--- WHAT YOU WILL DO ---
Once you find the line with "is_cluster M P" in the entries below, return exactly every line from it through the line with "define c where".

==== ENTRIES SUPPLIED

lemma chamber_measure_lower_bound:
  assumes "perimeter_small_sets M P"
    and clusters: "\<And>k. is_cluster M P N (Es k)" and bounded: "\<And>k. cheeger_ratio M P N (Es k) \<le> C"
  obtains e where "e > 0" "\<And>k i. i \<in> {1..N} \<Longrightarrow> e \<le> measure M (Es k i)"
proof -
  obtain e where "e > 0" and small: "\<And>E. E \<in> sets M \<Longrightarrow> 0 < emeasure M E \<Longrightarrow>
      emeasure M E < \<infinity> \<Longrightarrow> P E < \<infinity> \<Longrightarrow> enn2real (P E) / measure M E \<le> C \<Longrightarrow> e < measure M E"
    using perimeter_small_sets_measure_lower_bound[OF assms(1)] by blast
  have "e \<le> measure M (Es k i)" if i: "i \<in> {1..N}" for k i
  proof -
    have "enn2real (P (Es k i)) / measure M (Es k i) \<le> C"
      using order_trans[OF cheeger_ratio_chamber_le[OF i] bounded] .
    moreover have "Es k i \<in> sets M" "0 < emeasure M (Es k i)" "emeasure M (Es k i) < \<infinity>"
      "P (Es k i) < \<infinity>"
      using clusters[of k] i unfolding is_cluster_def by auto
    ultimately show ?thesis using small less_imp_le by blast
  qed
  with \<open>e > 0\<close> show ?thesis by (rule that)
qed

lemma bounded_clusters_convergent_subseq:
  fixes Es :: "nat \<Rightarrow> nat \<Rightarrow> 'a set"
  assumes "perimeter_compact M P" "\<Omega> \<in> sets M" "emeasure M \<Omega> < \<infinity>"
    and clusters: "\<And>k. cluster_in M P N \<Omega> (Es k)" and bounded: "\<And>k. cheeger_ratio M P N (Es k) \<le> C"
  obtains r E p where "strict_mono r"
    "\<And>i. i \<in> {1..N} \<Longrightarrow> L1_conv_sets M (\<lambda>k. Es (r k) i) (E i)"
    "\<And>i. i \<in> {1..N} \<Longrightarrow> P (E i) < \<infinity>"
    "\<And>i. i \<in> {1..N} \<Longrightarrow> (\<lambda>k. enn2real (P (Es (r k) i))) \<longlonglongrightarrow> p i"
proof -
  define c where "c = C * measure M \<Omega>"
  have "0 \<le> C" using order_trans[OF cheeger_ratio_nonneg bounded] .
  hence "c \<ge> 0" unfolding c_def by simp
  have "Es k i \<in> sets M \<and> P (Es k i) \<le> ennreal c" if "i \<in> {1..N}" for k i
    using clusters[of k] that perimeter_le_of_cheeger_ratio_le[OF clusters that bounded assms(2,3)]
    unfolding c_def cluster_in_def is_cluster_def by blast
  from perimeter_compact_common_subseq[where F = Es and n = N, OF assms(1) \<open>c \<ge> 0\<close> this]
  obtain r E p where "strict_mono r" and lim: "\<forall>i\<in>{1..N}. E i \<in> sets M \<and>
      P (E i) \<le> ennreal c \<and> L1_conv_sets M (\<lambda>k. Es (r k) i) (E i) \<and>
      (\<lambda>k. enn2real (P (Es (r k) i))) \<longlonglongrightarrow> p i"
    by blast
  moreover have "P (E i) < \<infinity>" if "i \<in> {1..N}" for i
    using lim that by (metis ennreal_less_top infinity_ennreal_def le_less_trans)
  ultimately show ?thesis using that by blast
qed
(* Let $\mathcal C$ be an $R$-coring satisfying the left $\alpha$-condition. (i) If $M$ is a left $\mathcal C$-comodule that is finitely generated and projective as a left $R$-module, then ${}^*M$ is a rational right ${}^*\mathcal C$-module. (ii) Suppose $\mathcal C=M\oplus N$ as left $\mathcal C$-comodules. Then ${}^*M$ is a rational right ${}^*\mathcal C$-module if and only if $M$ is finitely generated as a left $R$-module.
   Context: An $R$-coring is a triple $(\mathcal C,\Delta,\varepsilon)$ with $\mathcal C$ an $R$-bimodule and $\Delta:\mathcal C\to\mathcal C\otimes_R\mathcal C$, $\varepsilon:\mathcal C\to R$ coassociative and counital $R$-bimodule maps; write $\Delta(c)=c_{(1)}\otimes_R c_{(2)}$. ${}^*\mathcal C={}_R\mathrm{Hom}(\mathcal C,R)$ is a ring with product $(f\#g)(c)=g(c_{(1)}f(c_{(2)}))$ and unit $\varepsilon$. $\mathcal C$ satisfies the left $\alpha$-condition if it is locally projective as a left $R$-module. A left $\mathcal C$-comodule is a left $R$-module $M$ with a coassociative counital left $R$-linear map $M\to\mathcal C\otimes_R M$, $m\mapsto m_{[-1]}\otimes m_{[0]}$. For a left comodule $M$, ${}^*M={}_R\mathrm{Hom}(M,R)$ is a right ${}^*\mathcal C$-module via $(h\cdot f)(m)=f(m_{[-1]}h(m_{[0]}))$. A right ${}^*\mathcal C$-module $X$ is rational if for every $x\in X$ there is $\sum_i x_i\otimes c_i\in X\otimes_R\mathcal C$ with $x\cdot f=\sum_i x_if(c_i)$ for all $f\in{}^*\mathcal C$. *)

theory Defs
  imports "HOL-Library.Function_Algebras"
begin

========

--- TASK OUTPUT ---
    and clusters: "\<And>k. is_cluster M P N (Es k)" and bounded: "\<And>k. cheeger_ratio M P N (Es k) \<le> C"
  obtains e where "e > 0" "\<And>k i. i \<in> {1..N} \<Longrightarrow> e \<le> measure M (Es k i)"
proof -
  obtain e where "e > 0" and small: "\<And>E. E \<in> sets M \<Longrightarrow> 0 < emeasure M E \<Longrightarrow>
      emeasure M E < \<infinity> \<Longrightarrow> P E < \<infinity> \<Longrightarrow> enn2real (P E) / measure M E \<le> C \<Longrightarrow> e < measure M E"
    using perimeter_small_sets_measure_lower_bound[OF assms(1)] by blast
  have "e \<le> measure M (Es k i)" if i: "i \<in> {1..N}" for k i
  proof -
    have "enn2real (P (Es k i)) / measure M (Es k i) \<le> C"
      using order_trans[OF cheeger_ratio_chamber_le[OF i] bounded] .
    moreover have "Es k i \<in> sets M" "0 < emeasure M (Es k i)" "emeasure M (Es k i) < \<infinity>"
      "P (Es k i) < \<infinity>"
      using clusters[of k] i unfolding is_cluster_def by auto
    ultimately show ?thesis using small less_imp_le by blast
  qed
  with \<open>e > 0\<close> show ?thesis by (rule that)
qed

lemma bounded_clusters_convergent_subseq:
  fixes Es :: "nat \<Rightarrow> nat \<Rightarrow> 'a set"
  assumes "perimeter_compact M P" "\<Omega> \<in> sets M" "emeasure M \<Omega> < \<infinity>"
    and clusters: "\<And>k. cluster_in M P N \<Omega> (Es k)" and bounded: "\<And>k. cheeger_ratio M P N (Es k) \<le> C"
  obtains r E p where "strict_mono r"
    "\<And>i. i \<in> {1..N} \<Longrightarrow> L1_conv_sets M (\<lambda>k. Es (r k) i) (E i)"
    "\<And>i. i \<in> {1..N} \<Longrightarrow> P (E i) < \<infinity>"
    "\<And>i. i \<in> {1..N} \<Longrightarrow> (\<lambda>k. enn2real (P (Es (r k) i))) \<longlonglongrightarrow> p i"
proof -
  define c where "c = C * measure M \<Omega>"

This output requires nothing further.